Schemas for the Baserock definitions format
===========================================

The starting point for learning about the Baserock definitions format is the
wiki page at <http://wiki.baserock.org/definitions/>.

The schemas/ directory in the Baserock reference definitions.git repository is
the canonical home for some schemas which describe the format in a
machine-readable way.

There are two parts to 'Baserock definitions'. The 'Baserock data model' is an
abstract vocabulary for describing how to build, integrate and deploy software
components.

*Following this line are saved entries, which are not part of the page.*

lemma window_canonical_reachable:
  assumes "0 \<in> Lv" "Suc K \<in> Lv"
  shows "\<exists>N. (rra_step Lv)\<^sup>*\<^sup>* T N \<and> window_canonical K N"
proof (cases T)
  case Lf
  then show ?thesis unfolding window_canonical_def by blast
next
  case (Nd l c)
  have "\<And>t t'. at_arm_level 0 rot_right t = Some t' \<Longrightarrow> (rra_step Lv)\<^sup>*\<^sup>* t t'"
    using rra_step_if_rot_right[OF assms(1)] by blast
  then obtain R where R: "(rra_step Lv)\<^sup>*\<^sup>* T (Nd Lf R)"
    using hang_left_subtree_flatten[of "[]" "rra_step Lv" l c] Nd by auto
  obtain ls S where S: "R = hang ls S" "length ls \<le> K" "length ls < K \<longrightarrow> S = Lf"
    using hang_split by blast
  obtain V where V: "(rra_step Lv)\<^sup>*\<^sup>* (hang (Lf # ls) S) (hang (Lf # ls) V)" "is_right_vine V"
  proof (cases "length ls < K")
    case True
    then show ?thesis using that[of S] S(3) by simp
  next
    case False
    have deep: "\<And>j t t'. Suc K \<le> j \<Longrightarrow> at_arm_level j rot_right t = Some t' \<Longrightarrow>
        (rra_step Lv)\<^sup>*\<^sup>* t t'"
      using rra_steps_deep_rotation[OF assms] by simp
    have "Suc K \<le> length (Lf # ls)" using False by simp
    then have "\<exists>V. (rra_step Lv)\<^sup>*\<^sup>* (hang (Lf # ls) S) (hang (Lf # ls) V) \<and> is_right_vine V"
      by (rule hang_right_vine_reachable[where k = "Suc K", rotated]) (simp add: deep)
    then show ?thesis using that by blast
  qed
  have "(rra_step Lv)\<^sup>*\<^sup>* T (Nd Lf (hang ls V))" using R V(1) S(1) by simp
  moreover have "window_canonical K (Nd Lf (hang ls V))"
    unfolding window_canonical_def using S(2) V(2) by blast
  ultimately show ?thesis by blast
qed

lemma sub_exps_prefix_sum_ge: "v < length (sub_exps l) \<Longrightarrow> v \<le> sum_list (take v (sub_exps l))"
proof (induction l arbitrary: v)
  case Lf
  then show ?case by simp
next
  case (Nd a b)
  obtain x xs where x: "sub_exps a = x # xs" using sub_exps_not_Nil by (cases "sub_exps a") auto
  have nodes: "length xs = num_nodes a" "x + sum_list xs = num_nodes a"
    using length_sub_exps[of a] sum_list_sub_exps[of a] x by simp_all
  show ?case
  proof (cases "v \<le> length xs")
    case True
    then have "v \<le> sum_list (take v (x # xs))" using Nd.IH(1)[of v] x by simp
    then show ?thesis using x by (cases v) auto
  next
    case False
    define v' where "v' = v - Suc (length xs)"
    have v: "v = Suc (length xs) + v'" using False v'_def by simp
    have "v' < length (sub_exps b)" using Nd.prems x v by simp
    then have "v' \<le> sum_list (take v' (sub_exps b))" by (rule Nd.IH(2))
    then show ?thesis using x v nodes by simp
  qed
qed

lemma hang_prefix_deficit_less:
  "v < length (concat (map sub_exps ls)) \<Longrightarrow>
     int v - int (sum_list (take v (concat (map sub_exps ls)))) < int (length ls)"
proof (induction ls arbitrary: v)
  case Nil
  then show ?case by simp
next
  case (Cons l ls)
  show ?case
  proof (cases "v < length (sub_exps l)")
    case True
    then show ?thesis using sub_exps_prefix_sum_ge[OF True] by simp
  next
    case False
    define v' where "v' = v - length (sub_exps l)"
    have v: "v = length (sub_exps l) + v'" using False v'_def by simp
    have "int v' - int (sum_list (take v' (concat (map sub_exps ls)))) < int (length ls)"
      using Cons.IH[of v'] Cons.prems v by simp
    then show ?thesis using v length_sub_exps[of l] sum_list_sub_exps[of l] by simp
  qed
qed

lemma window_canonical_leaf_exp_0: "window_canonical K N \<Longrightarrow> leaf_exp N 0 = 0"
  unfolding window_canonical_def by (auto simp: exps_fun_def)

lemma window_canonical_leaf_exp_outside:
  assumes "window_canonical K N" "1 \<le> u" "\<not> in_window K (leaf_exp N) u"
  shows "leaf_exp N u = 0"
proof (cases "N = Lf")
  case True
  then show ?thesis by (simp add: exps_fun_def)
next
  case False
  then obtain ls V where N: "N = Nd Lf (hang ls V)" "length ls \<le> K" "is_right_vine V"
    using assms(1) unfolding window_canonical_def by blast
  define P where "P = concat (map sub_exps ls)"
  have exps: "leaf_exps N = 0 # P @ leaf_exps V" using N(1) by (simp add: P_def leaf_exps_hang)
  obtain v where v: "v < u" "int K \<le> deficit (leaf_exp N) v"
    using assms(3) unfolding in_window_def by (auto simp: not_less)
  have "length P \<le> v"
  proof (rule ccontr)
    assume "\<not> length P \<le> v"
    then have "deficit (leaf_exp N) v < int (length ls)"
      using hang_prefix_deficit_less[of v ls] unfolding exps deficit_exps_fun_Cons P_def by simp
    then show False using v(2) N(2) by simp
  qed
  obtain u' where u': "u = Suc u'" using assms(2) by (cases u) auto
  have "leaf_exp N u = exps_fun (P @ leaf_exps V) u'" unfolding exps u' by (rule exps_fun_Cons_Suc)
  also have "\<dots> = 0"
    using \<open>length P \<le> v\<close> v(1) u' leaf_exps_right_vine[OF N(3)]
    by (auto simp: exps_fun_def nth_append)
  finally show ?thesis .
qed

lemma window_canonical_unique:
  assumes "window_canonical K N1" "window_canonical K N2"
    and eq: "window_eq K (leaf_exp N1) (leaf_exp N2)" and "num_nodes N1 = num_nodes N2"
  shows "N1 = N2"
proof -
  have "leaf_exp N1 u = leaf_exp N2 u" for u
  proof (cases "u = 0")
    case True
    then show ?thesis using window_canonical_leaf_exp_0 assms(1,2) by simp
  next
    case False
    show ?thesis
    proof (cases "in_window K (leaf_exp N1) u")
      case True
      then show ?thesis using eq False unfolding window_eq_def by simp
    next
      case outside: False
      then have "\<not> in_window K (leaf_exp N2) u" using window_eq_in_window_iff[OF eq] by simp
      then show ?thesis using window_canonical_leaf_exp_outside assms(1,2) outside False by simp
    qed
  qed
  moreover have "length (leaf_exps N1) = length (leaf_exps N2)"
    using assms(4) by (simp add: length_leaf_exps)
  ultimately have "leaf_exps N1 = leaf_exps N2"
    by (metis exps_fun_def nth_equalityI)
  then show ?thesis by (rule leaf_exps_inj)
qed

lemma rra_defined_iff_window_eq:
  assumes "0 \<in> Lv" "Suc K \<in> Lv" "\<forall>j\<in>Lv. j = 0 \<or> K < j"
    and "num_nodes T1 = num_nodes T2"
  shows "rra_defined Lv T1 T2 \<longleftrightarrow> window_eq K (leaf_exp T1) (leaf_exp T2)"
proof
  assume "rra_defined Lv T1 T2"
  then show "window_eq K (leaf_exp T1) (leaf_exp T2)"
    using rra_steps_window_eq[OF assms(3)] unfolding rra_defined_def by blast
next
  assume eq: "window_eq K (leaf_exp T1) (leaf_exp T2)"
  obtain N1 where N1: "(rra_step Lv)\<^sup>*\<^sup>* T1 N1" "window_canonical K N1"
    using window_canonical_reachable[OF assms(1,2)] by blast
  obtain N2 where N2: "(rra_step Lv)\<^sup>*\<^sup>* T2 N2" "window_canonical K N2"
    using window_canonical_reachable[OF assms(1,2)] by blast
  have "window_eq K (leaf_exp N1) (leaf_exp N2)"
    using window_eq_trans[OF window_eq_trans[OF window_eq_sym eq]]
      rra_steps_window_eq[OF assms(3) N1(1)] rra_steps_window_eq[OF assms(3) N2(1)] by blast
  moreover have "num_nodes N1 = num_nodes N2"
    using rra_steps_num_nodes[OF N1(1)] rra_steps_num_nodes[OF N2(1)] assms(4) by simp
  ultimately have "N1 = N2" using window_canonical_unique N1(2) N2(2) by blast
  moreover have "(rra_step Lv)\<^sup>*\<^sup>* N2 T2" using sympD[OF symp_rtranclp[OF symp_rra_step] N2(1)] .
  ultimately show "rra_defined Lv T1 T2" using N1(1) unfolding rra_defined_def by simp
qed

lemma assoc_word_vanish_beyond:
  "\<forall>j\<ge>Suc (num_nodes T1 + num_nodes T2).
     fst (assoc_word T1 T2) j = 0 \<and> snd (assoc_word T1 T2) j = 0"
  by (simp add: assoc_word_def exps_fun_def length_leaf_exps)

lemma window_eq_iff_no_occurrence:
  assumes "reduce_step\<^sup>*\<^sup>* (assoc_word T1 T2) w" "partially_reduced w"
  shows "window_eq K (leaf_exp T1) (leaf_exp T2) \<longleftrightarrow> \<not> (\<exists>t. 1 \<le> t \<and> t \<le> K \<and> occurs w t)"
proof -
  have "window_eq K (leaf_exp T1) (leaf_exp T2) \<longleftrightarrow> window_eq K (fst w) (snd w)"
    using reduce_steps_window_eq[OF assms(1)] window_eq_sym by (auto simp: assoc_word_def)
  moreover have "\<forall>j\<ge>Suc (num_nodes T1 + num_nodes T2). fst w j = 0 \<and> snd w j = 0"
    using reduce_steps_vanish_beyond[OF assms(1) assoc_word_vanish_beyond] .
  ultimately show ?thesis
    using window_eq_if_no_occurrence no_occurrence_if_window_eq[OF _ assms(2)] by blast
qed

theorem lemma3p6:
  fixes ilist :: "nat list" and T1 T2 :: tree and w' :: nform
  assumes "ilist \<noteq> []" and "sorted_wrt (<) ilist" and "0 < hd ilist"
    and "num_nodes T1 = num_nodes T2"
    and "reduce_step\<^sup>*\<^sup>* (assoc_word T1 T2) w'" and "partially_reduced w'"
  shows "((\<exists>t. 1 \<le> t \<and> t \<le> hd ilist - 1 \<and> occurs w' t)
            \<longrightarrow> \<not> rra_defined (insert 0 (set ilist)) T1 T2)
       \<and> (\<not> (\<exists>t. 1 \<le> t \<and> t \<le> hd ilist - 1 \<and> occurs w' t)
            \<longrightarrow> rra_defined (insert 0 (set ilist)) T1 T2)"
proof -
  define K where "K = hd ilist - 1"
  define Lv where "Lv = insert 0 (set ilist)"
  obtain i js where ilist: "ilist = i # js" using assms(1) by (cases ilist) auto
  have i: "i = Suc K" using assms(3) unfolding K_def ilist by simp
  have levels: "0 \<in> Lv" "Suc K \<in> Lv" "\<forall>j\<in>Lv. j = 0 \<or> K < j"
    using assms(2) i unfolding Lv_def ilist by auto
  have "rra_defined Lv T1 T2 \<longleftrightarrow> \<not> (\<exists>t. 1 \<le> t \<and> t \<le> K \<and> occurs w' t)"
    using rra_defined_iff_window_eq[OF levels assms(4)] window_eq_iff_no_occurrence[OF assms(5,6)]
    by simp
  then show ?thesis unfolding K_def Lv_def by blast
qed

end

The 'Baserock definitions YAML representation format' is a
serialisation format for the data model, which lets you write YAML files
describing how to build, integrate and deploy software components.

If you want to make the YAML files easier to deal with, you only need
to care about the JSON-Schema schemas and anything that parses the YAML files.

If you want to write a new tool to build, visualise, analyse or otherwise
process Baserock definitions in some way, you can ignore the syntax altogether,
use a pre-existing parser, and just think in terms of the data
model.

If you want to change the data model, you still have quite a difficult job,
but at least it should be simple to write a translation layer on top of an
existing parser so that you can interpret all the existing Baserock reference
system definitions in terms of your new data model.


The Baserock definitions YAML representation format
---------------------------------------------------

YAML itself is a syntax for representating data as text. The YAML specification
is at <http://www.yaml.org/>.

The data needs to be structured in a certain way for it to make sense as
Baserock build/integration/deployment instructions. We have used JSON-Schema
to describe the required layout of the data.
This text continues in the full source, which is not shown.